Do you have a subprime auto loan?

About 20% of vehicle loans are classified as subprime, according to credit bureau Experian. “Subprime” is a term for a financing agreement where the interest rate is greater than the prime lending rate. That means it’s much higher than what you would get if you had good credit.

Subprime loans can result in much higher car payments. Worse than subprime loans are the buy-here-pay-here finance arrangements which can be as high as credit card interest rates. If you’ve got a terrible financing deal, it can be hard to keep up the payments, and you might be better without it.

Is your car in disrepair or very high mileage?

If your vehicle is always breaking down, has high mileage, or needs repairs all the time, it makes the cost of ownership much higher. When you’re paying a monthly auto note on top of constant repairs, it can quickly become financially unmanageable.

A car with high mileage or mechanical problems is also worth far less than one in good repair. That means if you want to get rid of the car, you might not be able to sell it. Alternately, you might be able to sell it, but not for enough to pay off the loan. That’s a problem.

Do you have negative equity in your car?

Another consideration for Greensboro consumers is the equity in the vehicle. Equity is the fair market value of the car minus what you owe to the lender. In some cases, you might have negative equity. It means you owe more than the car is worth.
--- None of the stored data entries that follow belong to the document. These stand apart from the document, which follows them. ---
(* Let $D\subseteq M$ be $\operatorname{dcl}$-independent over $P$, and assume (OP) and (ind)$_D$. Then for every $A\subseteq P$, $\operatorname{cl}_D(A)=\operatorname{dcl}(A\cup D)\cap P$. In particular, $\operatorname{cl}_D$ is a pregeometry on $P$.
   Context: Let $\mathcal M=\langle M,<,+,0,\dots\rangle$ be an o-minimal expansion of an ordered group with a distinguished positive element $1$, in a language $\mathcal L$; $\operatorname{dcl}$ denotes definable closure in $\mathcal M$, and "$\mathcal L_A$-definable" means definable in $\mathcal M$ with parameters from $A\subseteq M$. Fix $P\subseteq M$ and let $\widetilde{\mathcal M}=\langle\mathcal M,P\rangle$; "$A$-definable" (unqualified) means definable in $\widetilde{\mathcal M}$ with parameters from $A\subseteq M$. $M^n$ has the product order topology; $\overline V$ is closure. A set $A$ is $\operatorname{dcl}$-independent over $P$ if no $a\in A$ lies in $\operatorname{dcl}((A\setminus\{a\})\cup P)$. For $D\subseteq M$, $P_{ind(D)}$ has universe $P$ and, for each $\mathcal L$-formula $\phi(x)$ with parameters from $D$, a relation $R_\phi=\{a\in P^{|x|}:\mathcal M\models\phi(a)\}$; for $A\subseteq P$, "$A$-definable in $P_{ind(D)}$" means definable there with parameters from $A$. $\operatorname{cl}_D$ denotes the definable closure operator of the structure $P_{ind(D)}$. (OP): for every $A\subseteq M$ with $A\setminus P$ $\operatorname{dcl}$-independent over $P$ and every $A$-definable $V\subseteq M^n$, $\overline V$ is $\mathcal L_A$-definable. (ind)$_D$: every $X\subseteq P^n$ definable in $P_{ind(D)}$ equals $\bigcup_{i=1}^l(Y_i\cap Q_i)$ for some $\mathcal L$-definable $Y_i\subseteq M^n$ and some $Q_i\subseteq P^n$ $\emptyset$-definable in $P_{ind(D)}$. *)

theory Defs
  imports Main
begin

text \<open>Variables are natural numbers. Function symbols are not needed: every
structure is interdefinable with its relational version (graphs of functions).\<close>

datatype 'r fm =
    Eq nat nat
  | Rel 'r "nat list"
  | Neg "'r fm"
  | Conj "'r fm" "'r fm"
  | Ex nat "'r fm"

fun fv :: "'r fm \<Rightarrow> nat set" where
  "fv (Eq i j) = {i, j}"
| "fv (Rel r vs) = set vs"
| "fv (Neg \<phi>) = fv \<phi>"
| "fv (Conj \<phi> \<psi>) = fv \<phi> \<union> fv \<psi>"
| "fv (Ex n \<phi>) = fv \<phi> - {n}"

fun sat :: "'a set \<Rightarrow> ('r \<Rightarrow> 'a list set) \<Rightarrow> (nat \<Rightarrow> 'a) \<Rightarrow> 'r fm \<Rightarrow> bool" where
  "sat U R e (Eq i j) = (e i = e j)"
| "sat U R e (Rel r vs) = (map e vs \<in> R r)"
| "sat U R e (Neg \<phi>) = (\<not> sat U R e \<phi>)"
| "sat U R e (Conj \<phi> \<psi>) = (sat U R e \<phi> \<and> sat U R e \<psi>)"
| "sat U R e (Ex n \<phi>) = (\<exists>a\<in>U. sat U R (e(n := a)) \<phi>)"

text \<open>X \<subseteq> U^n (tuples as lists of length n) is definable in (U,R) with parameters
from A: there is a formula \<phi>(x_0..x_{n-1}, y_0..y_{k-1}) and parameters b \<in> A^k.\<close>
definition definable_in :: "'a set \<Rightarrow> ('r \<Rightarrow> 'a list set) \<Rightarrow> 'a set \<Rightarrow> nat \<Rightarrow> 'a list set \<Rightarrow> bool" where
  "definable_in U R A n X \<longleftrightarrow>
     (\<exists>\<phi> ps. set ps \<subseteq> A \<and> fv \<phi> \<subseteq> {..<n + length ps} \<and>
        X = {xs. length xs = n \<and> set xs \<subseteq> U \<and> sat U R (\<lambda>i. (xs @ ps) ! i) \<phi>})"

definition L_def :: "('r \<Rightarrow> 'a list set) \<Rightarrow> 'a set \<Rightarrow> nat \<Rightarrow> 'a list set \<Rightarrow> bool" where
  "L_def R A n X \<longleftrightarrow> definable_in UNIV R A n X"

definition exp_rel :: "('r \<Rightarrow> 'a list set) \<Rightarrow> 'a set \<Rightarrow> 'r option \<Rightarrow> 'a list set" where
  "exp_rel R P s = (case s of None \<Rightarrow> {[p] | p. p \<in> P} | Some r \<Rightarrow> R r)"

definition P_def :: "('r \<Rightarrow> 'a list set) \<Rightarrow> 'a set \<Rightarrow> 'a set \<Rightarrow> nat \<Rightarrow> 'a list set \<Rightarrow> bool" where
  "P_def R P A n X \<longleftrightarrow> definable_in UNIV (exp_rel R P) A n X"

definition dcl :: "('r \<Rightarrow> 'a list set) \<Rightarrow> 'a set \<Rightarrow> 'a set" where
  "dcl R A = {b. L_def R A 1 {[b]}}"

definition dcl_indep :: "('r \<Rightarrow> 'a list set) \<Rightarrow> 'a set \<Rightarrow> 'a set \<Rightarrow> bool" where
  "dcl_indep R P A \<longleftrightarrow> (\<forall>a\<in>A. a \<notin> dcl R ((A - {a}) \<union> P))"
You might also hear the phrase “upside down” on a car loan. It means you don’t have equity in the asset. When you buy a new car, you’re usually upside down from the start unless you got a really good deal. Over time, as you pay the debt, your equity should increase.

When you have positive equity (you owe less than it’s worth) in an asset, you can sell it if you don’t want the asset anymore or can’t afford it. Positive equity gives you options. When you’re upside down, you can feel trapped with nowhere to turn.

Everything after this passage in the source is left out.